DA-EPOCH-R has been used frequently as front-line treatment of PMBCL, but, due to the rarity of the disease, there is no consensus on optimal consolidation or treatment for relapsed/refractory disease. Many of the agents our patient received have been used previously for relapsed/refractory PMBCL.^3,7,8 A study from Italy evaluated pembrolizumab in 17 patients with relapsed/refractory PMBCL and found that two achieved a complete response (CR) and five a PR. ⁹ The same investigator reported on the use of brentuximab in 15 patients with PMBCL and found that only two patients achieved a PR, as was the case with our patient. ¹⁰ In contrast to our patient who failed to respond to anti-CD19 CAR-T cell therapy, there is a single recent report of a patient with PMBCL who achieved a CR. ¹¹ It is also important to note that Food and Drug Administration approval for tisagenlecleucel is for DLBCL and not PMBCL; however, it was decided to treat our patient due to lack of other promising options.
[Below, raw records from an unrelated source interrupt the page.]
lemma ex_minimal_in:
  assumes "S \<subseteq> P" "S \<noteq> {}"
  shows "\<exists>m\<in>S. \<forall>s\<in>S. le s m \<longrightarrow> s = m"
proof -
  obtain m where "is_arg_min (\<lambda>s. card (down_set s)) (\<lambda>s. s \<in> S) m"
    using ex_is_arg_min_if_finite[OF finite_subset[OF assms(1) finite_P] assms(2)] by blast
  then have m: "m \<in> S" and least: "\<And>s. s \<in> S \<Longrightarrow> \<not> card (down_set s) < card (down_set m)"
    unfolding is_arg_min_def by auto
  have "s = m" if s: "s \<in> S" "le s m" for s
  proof (rule ccontr)
    assume "s \<noteq> m"
    then have "card (down_set s) < card (down_set m)"
      using assms(1) s m by (intro card_down_set_less) auto
    with least[OF s(1)] show False ..
  qed
  with m show ?thesis by blast
qed

lemma ex_maximal_in:
  assumes "S \<subseteq> P" "S \<noteq> {}"
  shows "\<exists>m\<in>S. \<forall>s\<in>S. le m s \<longrightarrow> s = m"
proof -
  obtain m where "is_arg_min (\<lambda>s. card (up_set s)) (\<lambda>s. s \<in> S) m"
    using ex_is_arg_min_if_finite[OF finite_subset[OF assms(1) finite_P] assms(2)] by blast
  then have m: "m \<in> S" and least: "\<And>s. s \<in> S \<Longrightarrow> \<not> card (up_set s) < card (up_set m)"
    unfolding is_arg_min_def by auto
  have "s = m" if s: "s \<in> S" "le m s" for s
  proof (rule ccontr)
    assume "s \<noteq> m"
    then have "card (up_set s) < card (up_set m)"
      using assms(1) s m by (intro card_up_set_less) auto
    with least[OF s(1)] show False ..
  qed
  with m show ?thesis by blast
qed

lemma ex_lower_cover:
  assumes "x \<in> P" "z \<in> P" "le z x" "z \<noteq> x"
  shows "\<exists>y. covers P le y x"
proof -
  let ?S = "{y \<in> P. le y x \<and> y \<noteq> x}"
  have "?S \<subseteq> P" "?S \<noteq> {}" using assms by auto
  then obtain y where y: "y \<in> ?S" and max: "\<forall>s\<in>?S. le y s \<longrightarrow> s = y"
    using ex_maximal_in by blast
  have "covers P le y x"
    unfolding covers_def using y max assms(1) by auto
  then show ?thesis ..
qed
(* Let $M=(Q_M,\Sigma,\delta_M,s_M,F_M)$ be a complete DFA with $m\ge 2$ states and $N=(Q_N,\Sigma,\delta_N,s_N,F_N)$ a complete DFA with $n\ge 1$ states over the same alphabet, and suppose $k:=|F_M\setminus\{s_M\}|\ge 1$. Then there exists a complete DFA with at most $(2^{m-1}+2^{m-k-1})\cdot n-n+1$ states that accepts $L(M)^*\cap L(N)$.
   Context: A DFA is a 5-tuple $(Q,\Sigma,\delta,s,F)$ with total transition function $\delta:Q\times\Sigma\to Q$ (complete DFA); $L(M)$ is the accepted language; $L^*$ is the Kleene star of $L$. *)

theory Defs
  imports Main
begin

record ('q, 'a) dfa =
  states :: "'q set"
  alphabet :: "'a set"
  trans :: "'q \<Rightarrow> 'a \<Rightarrow> 'q"
  start :: "'q"
  final :: "'q set"

definition complete_dfa :: "('q, 'a) dfa \<Rightarrow> bool" where
  "complete_dfa M \<longleftrightarrow>
     finite (states M) \<and> finite (alphabet M) \<and>
     start M \<in> states M \<and> final M \<subseteq> states M \<and>
     (\<forall>q\<in>states M. \<forall>a\<in>alphabet M. trans M q a \<in> states M)"

definition trans_star :: "('q, 'a) dfa \<Rightarrow> 'q \<Rightarrow> 'a list \<Rightarrow> 'q" where
  "trans_star M q w = foldl (trans M) q w"

definition lang :: "('q, 'a) dfa \<Rightarrow> 'a list set" where
  "lang M = {w. w \<in> lists (alphabet M) \<and> trans_star M (start M) w \<in> final M}"

inductive_set kstar :: "'a list set \<Rightarrow> 'a list set" for L where
  kstar_Nil: "[] \<in> kstar L"
| kstar_app: "u \<in> L \<Longrightarrow> v \<in> kstar L \<Longrightarrow> u @ v \<in> kstar L"

end

theory Submission
  imports Defs
begin
definition orientation :: "nat \<Rightarrow> 'a set set \<Rightarrow> ('a set \<Rightarrow> 'a \<Rightarrow> nat) \<Rightarrow> bool" where
  "orientation r H \<sigma> \<longleftrightarrow> (\<forall>S\<in>H. bij_betw (\<sigma> S) S {1..r})"

definition pos_degree :: "'a set set \<Rightarrow> ('a set \<Rightarrow> 'a \<Rightarrow> nat) \<Rightarrow> nat set \<Rightarrow> 'a set \<Rightarrow> nat" where
  "pos_degree H \<sigma> P U = card {S\<in>H. U \<subseteq> S \<and> \<sigma> S ` U = P}"

definition p_equitable :: "nat \<Rightarrow> nat \<Rightarrow> 'a set set \<Rightarrow> ('a set \<Rightarrow> 'a \<Rightarrow> nat) \<Rightarrow> bool" where
  "p_equitable p r H \<sigma> \<longleftrightarrow>
     (\<forall>U P P'. U \<subseteq> vertices H \<and> P \<subseteq> {1..r} \<and> P' \<subseteq> {1..r} \<and>
        card U = p \<and> card P = p \<and> card P' = p \<longrightarrow>
        \<bar>int (pos_degree H \<sigma> P U) - int (pos_degree H \<sigma> P' U)\<bar> \<le> 1)"

definition max_p_degree :: "nat \<Rightarrow> 'a set set \<Rightarrow> nat" where
  "max_p_degree p H = Max ({card {S\<in>H. U \<subseteq> S} | U. U \<subseteq> vertices H \<and> card U = p} \<union> {0})"

end

theory Submission
  imports Defs Complex_Main "HOL-Library.FuncSet" "HOL-Combinatorics.Permutations"
begin

text \<open>Orient every edge uniformly at random and call \<open>(U, S, S', Q)\<close> a collision if \<open>U\<close> occupies
  the same positions \<open>Q\<close> in two edges \<open>S \<noteq> S'\<close>. An orientation without collisions has all
  \<open>d_P(U) \<le> 1\<close> and is therefore \<open>p\<close>-equitable. Reorienting \<open>S\<close> and \<open>S'\<close> by permutations of the
  positions shows that, conditioned on avoiding any family of non-neighbouring collisions, a collision has
  probability at most \<open>1 / (r choose p)\<^sup>2\<close>, while a collision has at most
  \<open>8 p (r-1 choose p-1) k (r choose p)\<close> neighbours. Since \<open>p (r choose p) = r (r-1 choose p-1)\<close>,
  the (counting) local lemma applies as soon as \<open>r \<ge> 32 k p\<^sup>2\<close>.\<close>

section \<open>A counting local lemma\<close>

definition avoiding :: "'w set \<Rightarrow> ('i \<Rightarrow> 'w set) \<Rightarrow> 'i set \<Rightarrow> 'w set" where
  "avoiding \<Omega> A J = {w \<in> \<Omega>. \<forall>j\<in>J. w \<notin> A j}"

lemma avoiding_antimono: "J \<subseteq> J' \<Longrightarrow> avoiding \<Omega> A J' \<subseteq> avoiding \<Omega> A J"
  unfolding avoiding_def by auto

lemma avoiding_insert: "avoiding \<Omega> A (insert i J) = avoiding \<Omega> A J - A i"
  unfolding avoiding_def by auto

lemma finite_avoiding: "finite \<Omega> \<Longrightarrow> finite (avoiding \<Omega> A J)"
  unfolding avoiding_def by simp

locale counting_local_lemma =
  fixes \<Omega> :: "'w set" and E :: "'i set" and A :: "'i \<Rightarrow> 'w set" and N :: "'i \<Rightarrow> 'i set"
    and d :: nat and \<epsilon> :: real
  assumes finite_\<Omega>: "finite \<Omega>" and finite_E: "finite E"
    and finite_N: "\<And>i. i \<in> E \<Longrightarrow> finite (N i)"
    and card_N: "\<And>i. i \<in> E \<Longrightarrow> card (N i) \<le> d"
    and independent_bound: "\<And>i J. i \<in> E \<Longrightarrow> J \<subseteq> E - N i - {i} \<Longrightarrow>
      card (A i \<inter> avoiding \<Omega> A J) \<le> \<epsilon> * card (avoiding \<Omega> A J)"
    and \<epsilon>_nonneg: "0 \<le> \<epsilon>" and \<epsilon>_small: "4 * \<epsilon> * d \<le> 1"
    and \<epsilon>_half: "2 * \<epsilon> < 1"
begin

lemma card_avoiding_le_twice:
  assumes "finite J1" "card J1 \<le> d"
    and small: "\<And>j. j \<in> J1 \<Longrightarrow> card (A j \<inter> avoiding \<Omega> A J2) \<le> 2 * \<epsilon> * card (avoiding \<Omega> A J2)"
  shows "card (avoiding \<Omega> A J2) \<le> 2 * card (avoiding \<Omega> A (J1 \<union> J2))"
proof -
  let ?Y = "avoiding \<Omega> A (J1 \<union> J2)" and ?Y2 = "avoiding \<Omega> A J2"
  have "?Y2 \<subseteq> ?Y \<union> (\<Union>j\<in>J1. A j \<inter> ?Y2)"
    unfolding avoiding_def by auto
  then have "card ?Y2 \<le> card (?Y \<union> (\<Union>j\<in>J1. A j \<inter> ?Y2))"
    using finite_avoiding[OF finite_\<Omega>] assms(1) by (intro card_mono) auto
  also have "\<dots> \<le> card ?Y + card (\<Union>j\<in>J1. A j \<inter> ?Y2)"
    by (rule card_Un_le)
  also have "\<dots> \<le> card ?Y + (\<Sum>j\<in>J1. card (A j \<inter> ?Y2))"
    using assms(1) by (intro add_left_mono card_UN_le)
  finally have "real (card ?Y2) \<le> card ?Y + (\<Sum>j\<in>J1. real (card (A j \<inter> ?Y2)))"
    by (metis of_nat_add of_nat_le_iff of_nat_sum)
  also have "\<dots> \<le> card ?Y + card J1 * (2 * \<epsilon> * card ?Y2)"
    using small sum_bounded_above[of J1 "\<lambda>j. real (card (A j \<inter> ?Y2))"] by simp
  also have "\<dots> \<le> card ?Y + d * (2 * \<epsilon> * card ?Y2)"
    using assms(2) \<epsilon>_nonneg by (intro add_left_mono mult_right_mono) auto
  also have "d * (2 * \<epsilon> * card ?Y2) = (4 * \<epsilon> * d) * card ?Y2 / 2"
    by simp
  also have "\<dots> \<le> card ?Y2 / 2"
    using mult_right_mono[OF \<epsilon>_small, of "card ?Y2"] by simp
  finally show ?thesis
    by simp
qed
Autologous HCT has traditionally been used as salvage therapy for NHL, although allogeneic HCTs have been utilized by some centers. Our patient did not undergo an autologous HCT as he did not have chemotherapy sensitive disease. A recent four-institution retrospective analysis reviewed the outcomes of 28 patients with relapsed/refractory PMBCL who received allogeneic HCT (54% matched sibling, 29% matched unrelated and 18% mismatched unrelated or cord blood). ² Eighty percent of patients were sensitive to pre-transplant therapy and 86% received reduced intensity conditioning. The 5-year progression-free and overall survivals were 34% and 45%, respectively. None of the patients received prior PD-1 blockade or CAR-T cells and none received haploidentical HCT. Our case, therefore, is unique in that our patient previously received PD-1 blockade, CAR-T cells followed by a haplo-BMT. Despite having been treated with a PD-1 inhibitor before his transplant, receiving myeloablative conditioning and having his tacrolimus levels purposefully maintained in the low therapeutic range and discontinued by day +40, the patient did not develop aGvHD. Recent studies have documented that PT-CY lowers the risk of GvHD in patients that have received checkpoint inhibitors. ¹²

DLI has been used after T-replete haplo-BMT with PT-CY against relapsed leukemia and NHL, but to our knowledge there are no reports employing DLI for PMBCL. ¹³ Blinatumomab has shown activity against other B-cell lymphomas, but there are no published reports in patients with PMBCL. ¹⁴ The most effective dose of blinatumomab for NHL is 4-fold higher (60 µg/m² per day) than what our patient received as his dose was restricted due to ongoing peripheral neuropathy and persistent headaches. There is a single case report on concomitant use of DLI with blinatumomab following a matched unrelated donor transplant for leukemia but no reports in haploidentical HCT. ¹⁵ While our experience illustrates that blinatumomab can be used concurrently with DLI in a haploidentical setting, the relative contribution of DLI versus blinatumomab in achieving a metabolic CR was not clear. Our patient relapsed after discontinuing blinatumomab; however, he had also restarted prednisone because of worsening GvHD symptoms therefore GvL activity was likely suppressed. His chest wall mass and lymphadenopathy continued to increase even during the fifth cycle of blinatumomab, despite receiving a higher dose. One cannot rule out rule out CD19 antigen escape since a repeat biopsy was not performed. Abruptly discontinuing prednisone during hospice led to worsening of chronic GvHD while evidently inducing another remission.

Despite our encouraging experience with this case, we would not recommend this strategy outside a clinical trial as blinatumomab may exacerbate the GvHD risks of DLI especially in a haploidentical setting. Formally studying this treatment combination in high-risk patients may be meaningful.